The three flee the factory only to find themselves in Seraphite territory. They watch as a Wolf is ceremoniously disemboweled, and do their best to avoid the same fate. In the chaos, Ellie finds herself separated from Jesse and Dina and decides to go to the hospital on her own. Once there, she confronts Nora (Tati Gabrielle), who admits that Joel deserved what he got. A chase ensues that inadvertently leads them both to the spore-filled basement levels Sergeant Park and the others are so terrified of.
Instead of violent, bloodthirsty infected, the basement is full of hosts melded to the wall by Cordyceps. They’re kept “alive” enough to breathe out spores, but that’s about it. It’s a creepy sight that doesn’t seem to phase Ellie as she is single-minded in her goal. As Nora struggles to breathe and starts to twitch under the influence of Cordyceps particles, Ellie gains ground and forcefully asks her where Abby is.
We watch Ellie’s intensity grow as Nora refuses to answer.
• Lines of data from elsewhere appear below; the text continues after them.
(* Circuits of a finitary matroid satisfy strong circuit elimination; this settles the case of
   two circuits. A popular set K is the kernel of a Delta-system of kappa circuits whose petals are
   covered by I and the termini of a b-path-system; K is finite, so only finitely many petals meet
   a given finite set. Eliminating e between the circuits of such a family and the other set (a
   circuit, or the circuits of a second such family) gives kappa circuits through f inside
   Z \<union> W x, where Z is the union of the two given sets and the sets W x of petals are pairwise
   disjoint and disjoint from Z. If one of these circuits misses its W x, it is the required
   circuit; otherwise kappa of them have the same trace T on Z, and T is popular. For two popular
   sets the two path systems have to be merged: a Zorn argument selects kappa pairs of circuits
   whose regions, the petals together with the paths ending in them, are pairwise disjoint. *)

section \<open>Counting below an infinite cardinal\<close>

lemma finite_ordLess_infinite: "finite A \<Longrightarrow> infinite K \<Longrightarrow> |A| <o |K|"
  using finite_iff_ordLess_natLeq[of A] infinite_iff_natLeq_ordLeq[of K] ordLess_ordLeq_trans by blast

lemma finite_if_subsingleton: "(\<And>a b. a \<in> A \<Longrightarrow> b \<in> A \<Longrightarrow> a = b) \<Longrightarrow> finite A"
proof (cases "A = {}")
  case False
  then obtain a where "a \<in> A" by blast
  moreover assume "\<And>a b. a \<in> A \<Longrightarrow> b \<in> A \<Longrightarrow> a = b"
  ultimately have "A \<subseteq> {a}" by blast
  then show ?thesis by (rule finite_subset) simp
qed simp

lemma ordLeq_if_subset_ordIso: "A \<subseteq> D \<Longrightarrow> |D| =o |K| \<Longrightarrow> |A| \<le>o |K|"
  by (rule ordLeq_ordIso_trans[OF card_of_mono1])

lemma ordLess_if_not_ordIso: "|A| \<le>o |K| \<Longrightarrow> \<not> |A| =o |K| \<Longrightarrow> |A| <o |K|"
  using ordLeq_iff_ordLess_or_ordIso[of "|A|" "|K|"] by simp

lemma card_cofinite_subset:
  assumes K: "infinite K" and D: "|D| =o |K|" and fin: "finite (D - D')"
  shows "|D \<inter> D'| =o |K|"
proof (rule ccontr)
  assume "\<not> |D \<inter> D'| =o |K|"
  then have "|D \<inter> D'| <o |K|" using ordLess_if_not_ordIso ordLeq_if_subset_ordIso[OF _ D] by blast
  then have "|(D \<inter> D') \<union> (D - D')| <o |K|"
    using card_of_Un_ordLess_infinite[OF K] finite_ordLess_infinite[OF fin K] by blast
  moreover have "(D \<inter> D') \<union> (D - D') = D" by blast
  ultimately show False using D not_ordLess_ordIso by auto
qed

lemma finite_UN_ordLess_infinite:
  assumes K: "infinite K" and Y: "finite Y"
  shows "\<forall>y\<in>Y. |F y| <o |K| \<Longrightarrow> |\<Union>y\<in>Y. F y| <o |K|"
  using Y
proof (induction Y rule: finite_induct)
  case empty
  then show ?case using finite_ordLess_infinite[OF finite.emptyI K] by simp
next
  case (insert y Y)
  then show ?case using card_of_Un_ordLess_infinite[OF K, of "F y"] by simp
qed

lemma UN_finite_ordLess_infinite:
  assumes K: "infinite K" and S: "|S| <o |K|" and R: "\<forall>s\<in>S. finite (R s)"
  shows "|\<Union>s\<in>S. R s| <o |K|"
proof (cases "finite S")
  case True
  then show ?thesis using R finite_ordLess_infinite K by blast
next
  case False
  have "\<forall>s\<in>S. |R s| \<le>o |S|" using R finite_ordLess_infinite[OF _ False] ordLess_imp_ordLeq by blast
  then have "|\<Union>s\<in>S. R s| \<le>o |S|"
    using card_of_UNION_ordLeq_infinite[OF False] card_of_refl ordIso_iff_ordLeq by blast
  then show ?thesis using S ordLeq_ordLess_trans by blast
qed
definition m_sq'' :: "real \<Rightarrow> real \<Rightarrow> real" where
  "m_sq'' l s = 2 * l * (2 * ln s - ln (mix_sq l s)) + 4 * l * (1 - l) / mix_sq l s"

definition m_sq''' :: "real \<Rightarrow> real \<Rightarrow> real" where
  "m_sq''' l s = 4 * l * (1 - l) * (1 - l - l * s\<^sup>2) / (s * (mix_sq l s)\<^sup>2)"

lemma mix_sq_pos: "0 < l \<Longrightarrow> l < 1 \<Longrightarrow> 0 < mix_sq l s"
  unfolding mix_sq_def by (smt (verit) mult_nonneg_nonneg zero_le_power2)

lemma m_sq_at_1 [simp]:
  "mix_sq l 1 = 1" "m_sq l 1 = 0" "m_sq' l 1 = 0" "m_sq'' l 1 = 4 * l * (1 - l)"
  by (simp_all add: mix_sq_def m_sq_def m_sq'_def m_sq''_def)

lemma DERIV_m_sq:
  assumes "0 < l" "l < 1" "0 < s"
  shows "(m_sq l has_real_derivative m_sq' l s) (at s)"
proof -
  have q: "0 < mix_sq l s"
    using mix_sq_pos assms by auto
  have "((\<lambda>s. 2 * l * s\<^sup>2 * ln s - (l * s\<^sup>2 + 1 - l) * ln (l * s\<^sup>2 + 1 - l))
      has_real_derivative 2 * l * (2 * s) * ln s + 2 * l * s\<^sup>2 * (1 / s)
        - (l * (2 * s) * ln (mix_sq l s) + mix_sq l s * (l * (2 * s) / mix_sq l s))) (at s)"
    using q assms unfolding mix_sq_def by (auto intro!: derivative_eq_intros simp: power2_eq_square)
  moreover have "2 * l * (2 * s) * ln s + 2 * l * s\<^sup>2 * (1 / s)
      - (l * (2 * s) * ln (mix_sq l s) + mix_sq l s * (l * (2 * s) / mix_sq l s)) = m_sq' l s"
    using q assms unfolding m_sq'_def by (simp add: field_simps power2_eq_square)
  ultimately show ?thesis
    unfolding m_sq_def mix_sq_def[abs_def] by simp
qed

lemma DERIV_m_sq':
  assumes "0 < l" "l < 1" "0 < s"
  shows "(m_sq' l has_real_derivative m_sq'' l s) (at s)"
proof -
  have q: "0 < mix_sq l s"
    using mix_sq_pos assms by auto
  have "((\<lambda>s. 2 * l * s * (2 * ln s - ln (l * s\<^sup>2 + 1 - l))) has_real_derivative
      2 * l * (2 * ln s - ln (mix_sq l s)) + 2 * l * s * (2 * (1 / s) - l * (2 * s) / mix_sq l s)) (at s)"
    using q assms unfolding mix_sq_def by (auto intro!: derivative_eq_intros simp: power2_eq_square)
  moreover have "2 * l * (2 * ln s - ln (mix_sq l s)) + 2 * l * s * (2 * (1 / s) - l * (2 * s) / mix_sq l s)
      = m_sq'' l s"
  proof -
    have e: "1 - l = mix_sq l s - l * s\<^sup>2"
      by (simp add: mix_sq_def)
    show ?thesis
      using q assms unfolding m_sq''_def e by (simp add: field_simps power2_eq_square)
  qed
  ultimately show ?thesis
    unfolding m_sq'_def mix_sq_def[abs_def] by simp
qed

lemma DERIV_m_sq'':
  assumes "0 < l" "l < 1" "0 < s"
  shows "(m_sq'' l has_real_derivative m_sq''' l s) (at s)"
proof -
  have q: "0 < mix_sq l s"
    using mix_sq_pos assms by auto
  have "((\<lambda>s. 2 * l * (2 * ln s - ln (l * s\<^sup>2 + 1 - l)) + 4 * l * (1 - l) / (l * s\<^sup>2 + 1 - l))
      has_real_derivative 2 * l * (2 * (1 / s) - l * (2 * s) / mix_sq l s)
        - 4 * l * (1 - l) * (l * (2 * s)) / (mix_sq l s)\<^sup>2) (at s)"
    using q assms unfolding mix_sq_def
    by (auto intro!: derivative_eq_intros simp: power2_eq_square mult_ac)
  moreover have "2 * l * (2 * (1 / s) - l * (2 * s) / mix_sq l s)
      - 4 * l * (1 - l) * (l * (2 * s)) / (mix_sq l s)\<^sup>2 = m_sq''' l s"
  proof -
    have e: "1 - l = mix_sq l s - l * s\<^sup>2"
      by (simp add: mix_sq_def)
    show ?thesis
      using q assms unfolding m_sq'''_def e by (simp add: field_simps power2_eq_square)
  qed
  ultimately show ?thesis
    unfolding m_sq''_def mix_sq_def[abs_def] by simp
qed

lemma m_sq'''_nonneg:
  assumes "l * s\<^sup>2 \<le> 1 - l" "0 < l" "l < 1" "0 < s"
  shows "0 \<le> m_sq''' l s"
  using assms mix_sq_pos[of l s] unfolding m_sq'''_def
  by (auto intro!: divide_nonneg_pos mult_nonneg_nonneg)

lemma m_sq'''_nonpos:
  assumes "1 - l \<le> l * s\<^sup>2" "0 < l" "l < 1" "0 < s"
  shows "m_sq''' l s \<le> 0"
  using assms mix_sq_pos[of l s] unfolding m_sq'''_def
  by (intro divide_nonpos_pos mult_nonneg_nonpos) auto

lemma m_sq''_ge_at_1:
  assumes "0 < l" "l < 1" "1 \<le> s" "l * s\<^sup>2 \<le> 1 - l"
  shows "m_sq'' l 1 \<le> m_sq'' l s"
proof (rule deriv_nonneg_imp_mono[of 1 s "m_sq'' l" "m_sq''' l"])
  fix x assume x: "x \<in> {1..s}"
  then show "(m_sq'' l has_real_derivative m_sq''' l x) (at x)"
    using assms by (intro DERIV_m_sq'') auto
  have "l * x\<^sup>2 \<le> l * s\<^sup>2"
    using x assms by (intro mult_left_mono power_mono) auto
  then have "l * x\<^sup>2 \<le> 1 - l"
    using assms by linarith
  then show "0 \<le> m_sq''' l x"
    using x assms by (intro m_sq'''_nonneg) auto
qed (use assms in auto)

lemma m_sq''_le_at_1:
  assumes "0 < l" "l < 1" "1 \<le> s" "1/2 \<le> l"
  shows "m_sq'' l s \<le> m_sq'' l 1"
proof (rule deriv_nonpos_imp_antimono[of 1 s "m_sq'' l" "m_sq''' l"])
  fix x assume x: "x \<in> {1..s}"
  then show "(m_sq'' l has_real_derivative m_sq''' l x) (at x)"
    using assms by (intro DERIV_m_sq'') auto
  have "l \<le> l * x\<^sup>2"
    using x assms by simp
  then have "1 - l \<le> l * x\<^sup>2"
    using assms by linarith
  then show "m_sq''' l x \<le> 0"
    using x assms by (intro m_sq'''_nonpos) auto
qed (use assms in auto)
Taking a page out of Joel’s book, she begins a more forceful interrogation, beating Nora as she succumbs to the fungus. But just as the violence starts to intensify, the episode cuts to a brief flashback of Joel (Pedro Pascal) and Ellie back home in Jackson.
Ramsey and Merced have once again done an impeccable job of carrying the show forward in Joel’s absence. Though his presence is very much still felt through their performances, Ellie’s song, and the flashback at the end, we also get to see glimpses of how Ellie might be able to move on once this is all over. Ellie worries about Dina not because she thinks the pregnancy makes her fragile, but because she finally has hope and love in her life again and is terrified of losing it.
But as caring and worried as she appears to be for Dina, it’s clear that avenging Joel is still at the forefront of Ellie’s mind. Instead of catching up with Jesse and an injured Dina, she goes after Nora first and succumbs to the cycle of violence. This episode is brutal and does a phenomenal job of setting up the stakes to come, both in Ellie and Dina’s quest and the greater Seattle area at large.
New episodes of The Last of Us season 2 premiere Sundays at 9 p.m. ET on HBO, culminating with the finale on May 25, 2025.